(SUPPLIED DATA)
(* Let $n>d$, $\mathbf X\in\mathbb R^{n\times d}$ fixed with full column rank, $1\le k<d$, and $\mathbf y\sim\mathcal N(\mathbf X\boldsymbol\beta,\sigma^2\mathbf I_n)$. Let $\hat{\boldsymbol\beta}_{\mathrm{OLS}}=(\mathbf X^T\mathbf X)^{-1}\mathbf X^T\mathbf y$ and let $$F(\mathbf y)=\frac{(\|\mathbf y-\mathbf P_{-1:k}\mathbf y\|^2-\|\mathbf y-\mathbf P\mathbf y\|^2)/k}{\|\mathbf y-\mathbf P\mathbf y\|^2/(n-d)}$$ be the $F$-test statistic for $H_{1:k}:\boldsymbol\beta_{1:k}=\mathbf 0$, with $F$-test p-value $p_F(\mathbf y)=\mathbb P(F_{k,n-d}\ge F(\mathbf y))$, where $F_{k,n-d}$ has the $F$-distribution with $(k,n-d)$ degrees of freedom. Let $\tilde{\mathbf u}$ be uniform on $\mathbb S^{n-d+k-1}$ independent of $\mathbf y$ and $\tilde{\mathbf y}=\hat{\mathbf y}_{1:k}+\hat\sigma_{1:k}\mathbf V\tilde{\mathbf u}$ (so that, under $H_{1:k}$, $\tilde{\mathbf y}$ has the conditional law of $\mathbf y$ given $\mathbf S^{(1:k)}=(\mathbf X_{-1:k}^T\mathbf y,\mathbf y^T\mathbf y)$). Then the $F$-test is equivalent to the test that rejects for large values of $\|\mathbf V_{1:k}^T\mathbf X_{1:k}\hat{\boldsymbol\beta}_{1:k,\mathrm{OLS}}\|$ conditional on $\mathbf S^{(1:k)}$, and also to the conditional test rejecting for large values of $\|\mathbf u_{1:k}\|$; that is, almost surely, $$p_F(\mathbf y)=\mathbb P\big(\|\mathbf V_{1:k}^T\mathbf X_{1:k}\hat{\boldsymbol\beta}_{1:k,\mathrm{OLS}}(\tilde{\mathbf y})\|\ge\|\mathbf V_{1:k}^T\mathbf X_{1:k}\hat{\boldsymbol\beta}_{1:k,\mathrm{OLS}}(\mathbf y)\|\,\big|\,\mathbf y\big)=\mathbb P\big(\|\tilde{\mathbf u}_{1:k}\|\ge\|\mathbf u_{1:k}\|\,\big|\,\mathbf y\big).$$
   Context: $\mathbf A_i$, $\mathbf A_{1:i}$, $\mathbf A_{-1:i}$ denote the $i$-th column, first $i$ columns, and submatrix with first $i$ columns removed (similarly for vectors). $\mathbf P$ is the orthogonal projection onto the column space of $\mathbf X$, and $\mathbf P_{-1:i}$ onto that of $\mathbf X_{-1:i}$. $\mathbf V\in\mathbb R^{n\times(n-d+k)}$ has orthonormal columns spanning the orthogonal complement of the column space of $\mathbf X_{-1:k}$, with first $k$ columns $\mathbf V_i=(\mathbf I-\mathbf P_{-1:i})\mathbf X_i/\|(\mathbf I-\mathbf P_{-1:i})\mathbf X_i\|$. $\hat{\mathbf y}_{1:k}=\mathbf P_{-1:k}\mathbf y$, $\hat\sigma_{1:k}=\|(\mathbf I-\mathbf P_{-1:k})\mathbf y\|$, $\mathbf u=\mathbf V^T(\mathbf y-\hat{\mathbf y}_{1:k})/\hat\sigma_{1:k}$. The precise "equality of p-values" formulation is our rendering of the paper's statement that the tests are equivalent. *)

theory Defs
  imports "HOL-Probability.Probability"
begin

text \<open>Vectors in R^n are functions nat => real, only the coordinates 0..n-1 matter.
  Matrices are functions nat => nat => real (row index, column index).
  Indices are 0-based: column j of the paper is column j-1 here.\<close>

definition ipn :: "nat \<Rightarrow> (nat \<Rightarrow> real) \<Rightarrow> (nat \<Rightarrow> real) \<Rightarrow> real" where
  "ipn n x y = (\<Sum>i<n. x i * y i)"

definition nrm :: "nat \<Rightarrow> (nat \<Rightarrow> real) \<Rightarrow> real" where
  "nrm n x = sqrt (ipn n x x)"

definition col :: "(nat \<Rightarrow> nat \<Rightarrow> real) \<Rightarrow> nat \<Rightarrow> nat \<Rightarrow> real" where
  "col A j = (\<lambda>i. A i j)"

definition colspace :: "nat \<Rightarrow> (nat \<Rightarrow> nat \<Rightarrow> real) \<Rightarrow> nat set \<Rightarrow> (nat \<Rightarrow> real) set" where
  "colspace n A J = {v. \<exists>c. \<forall>i<n. v i = (\<Sum>j\<in>J. c j * A i j)}"

definition orth_compl :: "nat \<Rightarrow> (nat \<Rightarrow> real) set \<Rightarrow> (nat \<Rightarrow> real) set" where
  "orth_compl n S = {v. \<forall>w\<in>S. ipn n v w = 0}"

definition proj :: "nat \<Rightarrow> (nat \<Rightarrow> nat \<Rightarrow> real) \<Rightarrow> nat set \<Rightarrow> (nat \<Rightarrow> real) \<Rightarrow> nat \<Rightarrow> real" where
  "proj n A J y = (THE p. (\<forall>i\<ge>n. p i = 0) \<and> p \<in> colspace n A J \<and>
                      (\<forall>w\<in>colspace n A J. ipn n (\<lambda>i. y i - p i) w = 0))"

definition matinv :: "nat \<Rightarrow> (nat \<Rightarrow> nat \<Rightarrow> real) \<Rightarrow> nat \<Rightarrow> nat \<Rightarrow> real" where
  "matinv d G = (THE H. (\<forall>i<d. \<forall>j<d. (\<Sum>l<d. H i l * G l j) = (if i = j then 1 else 0)) \<and>
                        (\<forall>i<d. \<forall>j<d. (\<Sum>l<d. G i l * H l j) = (if i = j then 1 else 0)) \<and>
                        (\<forall>i j. d \<le> i \<or> d \<le> j \<longrightarrow> H i j = 0))"

definition ols :: "nat \<Rightarrow> nat \<Rightarrow> (nat \<Rightarrow> nat \<Rightarrow> real) \<Rightarrow> (nat \<Rightarrow> real) \<Rightarrow> nat \<Rightarrow> real" where
  "ols n d X y = (\<lambda>j. \<Sum>l<d. matinv d (\<lambda>a b. \<Sum>i<n. X i a * X i b) j l * (\<Sum>i<n. X i l * y i))"

definition full_col_rank :: "nat \<Rightarrow> nat \<Rightarrow> (nat \<Rightarrow> nat \<Rightarrow> real) \<Rightarrow> bool" where
  "full_col_rank n d X \<longleftrightarrow> (\<forall>c. (\<forall>i<n. (\<Sum>j<d. c j * X i j) = 0) \<longrightarrow> (\<forall>j<d. c j = 0))"

definition Leb :: "nat \<Rightarrow> (nat \<Rightarrow> real) measure" where
  "Leb m = PiM {..<m} (\<lambda>_. lborel)"

definition gauss :: "nat \<Rightarrow> (nat \<Rightarrow> real) \<Rightarrow> real \<Rightarrow> (nat \<Rightarrow> real) measure" where
  "gauss n mu \<sigma> = PiM {..<n} (\<lambda>i. density lborel (normal_density (mu i) \<sigma>))"
(* For every $n\ge1$, the formula $\Phi_n$ separates $\mathcal{A}$ from $\mathcal{B}$, i.e. every trace in $\mathcal A$ satisfies $\Phi_n$ and no trace in $\mathcal B$ satisfies $\Phi_n$.
   Context: Fix $n\ge1$, atomic propositions $AP=\{\tilde p,\tilde q\}\cup P\cup Q$ with $P=\{p_1,\dots,p_n\}$, $Q=\{q_1,\dots,q_n\}$ (all distinct), $\Sigma=2^{AP}$. Formulae use literals, $\land,\lor$, $\mathsf F$ and $\mathsf O$, interpreted on finite non-empty traces $\sigma\in\Sigma^+$ at positions $0\le i<|\sigma|$: $\mathsf F\phi$ holds at $i$ iff $\phi$ holds at some $j$ with $i\le j<|\sigma|$; $\mathsf O\phi$ holds at $i$ iff $\phi$ holds at some $0\le j\le i$; $\sigma$ satisfies $\phi$ iff $\phi$ holds at position $0$. $\Phi_n := \mathsf{F}\big(\tilde q\land\bigwedge_{i=1}^n\big((q_i\land\mathsf{O}(\tilde p\land p_i))\lor(\neg q_i\land\mathsf{O}(\tilde p\land\neg p_i))\big)\big)$. Let $\alpha(n)=2^{n+1}(n+2)^2$. Let $T_P=\{\tau\in\Sigma:\tilde p\in\tau,\ \tau\subseteq P\cup\{\tilde p\}\}$ and $T_Q=\{\tau\in\Sigma:\tilde q\in\tau,\ \tau\subseteq Q\cup\{\tilde q\}\}$; for $\tau\in T_Q$ let $\overline\tau\in T_P$ be the letter with $p_i\in\overline\tau$ iff $q_i\in\tau$ for all $i$. Fix an arbitrary strict total order $\prec$ on $T_Q$, and let $\mathrm{Enum}$ be the unique word in $(\emptyset^{\alpha(n)}\cdot T_Q)^{2^n}\cdot\emptyset^{\alpha(n)}$ (here $\emptyset$ denotes the letter with no propositions) that lists every element of $T_Q$ exactly once in increasing $\prec$-order. For $\tau\in T_Q$, $\mathrm{Enum}_{-\tau}$ is obtained from $\mathrm{Enum}$ by deleting the unique position of letter $\tau$ together with the $\alpha(n)$ positions of letter $\emptyset$ immediately preceding it. Define $\mathcal A=\{\emptyset^j\cdot\overline\tau\cdot\mathrm{Enum}: j\in\mathbb N,\tau\in T_Q\}$ and $\mathcal B=\{\emptyset^j\cdot\overline\tau\cdot\mathrm{Enum}_{-\tau}: j\in\mathbb N,\tau\in T_Q\}$. *)

theory Defs
  imports Main
begin
(* Let $I=(i_1<i_2<\cdots<i_r)$ be strictly increasing with $r\geq1$, and let $\chi_I=\sum_{\varepsilon\in\{0,1\}^r}a_I^\varepsilon w_I^\varepsilon$ with $a_I^\varepsilon\in\mathcal B$. Then: (A) if $\alpha(\chi_I)+\beta(\chi_I)=\gamma(\chi_I)$, then $\chi_I=a(S_I-w_I)$ for some $a\in\mathcal B$; (B) if $\beta(\chi_I)=\gamma(\chi_I)+\delta(\chi_I)$, then $\chi_I=a(S_I-w'_I)$ for some $a\in\mathcal B$.
   Context: $\mathcal B$ is a graded commutative rational algebra and $W$ a graded rational vector space concentrated in odd degrees with basis $\{w_i\}$ indexed by a totally ordered set. In $\mathcal B\otimes\land W\otimes\land W$ write $w_i^0=w_i=1\otimes w_i\otimes1$, $w_i^1=w'_i=1\otimes1\otimes w_i$, $w_I^\varepsilon=w_{i_1}^{\epsilon_1}\cdots w_{i_r}^{\epsilon_r}$, $w_I=w_{i_1}\cdots w_{i_r}$, $w'_I=w'_{i_1}\cdots w'_{i_r}$, $S_I=(w_{i_1}+w'_{i_1})\cdots(w_{i_r}+w'_{i_r})$. In $\mathcal B\otimes\land W^{\otimes3}$ write $w,w',w''$ for $w$ in the three copies. Algebra maps $\alpha,\beta,\gamma,\delta\colon\mathcal B\otimes\land W\otimes\land W\to\mathcal B\otimes\land W\otimes\land W\otimes\land W$, identity on $\mathcal B$: $\alpha(w)=w,\alpha(w')=w'$; $\beta(w)=w+w',\beta(w')=w''$; $\gamma(w)=w,\gamma(w')=w'+w''$; $\delta(w)=w',\delta(w')=w''$. *)

theory Defs
  imports Main "HOL-Library.Product_Lexorder"
begin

(ACTION ITEM)
Using the entries above, extract exactly the span from the line with "set \<Rightarrow> (nat \<Rightarrow> real) \<Rightarrow>" to the line with "n A J \<and>", both lines included; leave out everything else.

(ANSWER)
definition proj :: "nat \<Rightarrow> (nat \<Rightarrow> nat \<Rightarrow> real) \<Rightarrow> nat set \<Rightarrow> (nat \<Rightarrow> real) \<Rightarrow> nat \<Rightarrow> real" where
  "proj n A J y = (THE p. (\<forall>i\<ge>n. p i = 0) \<and> p \<in> colspace n A J \<and>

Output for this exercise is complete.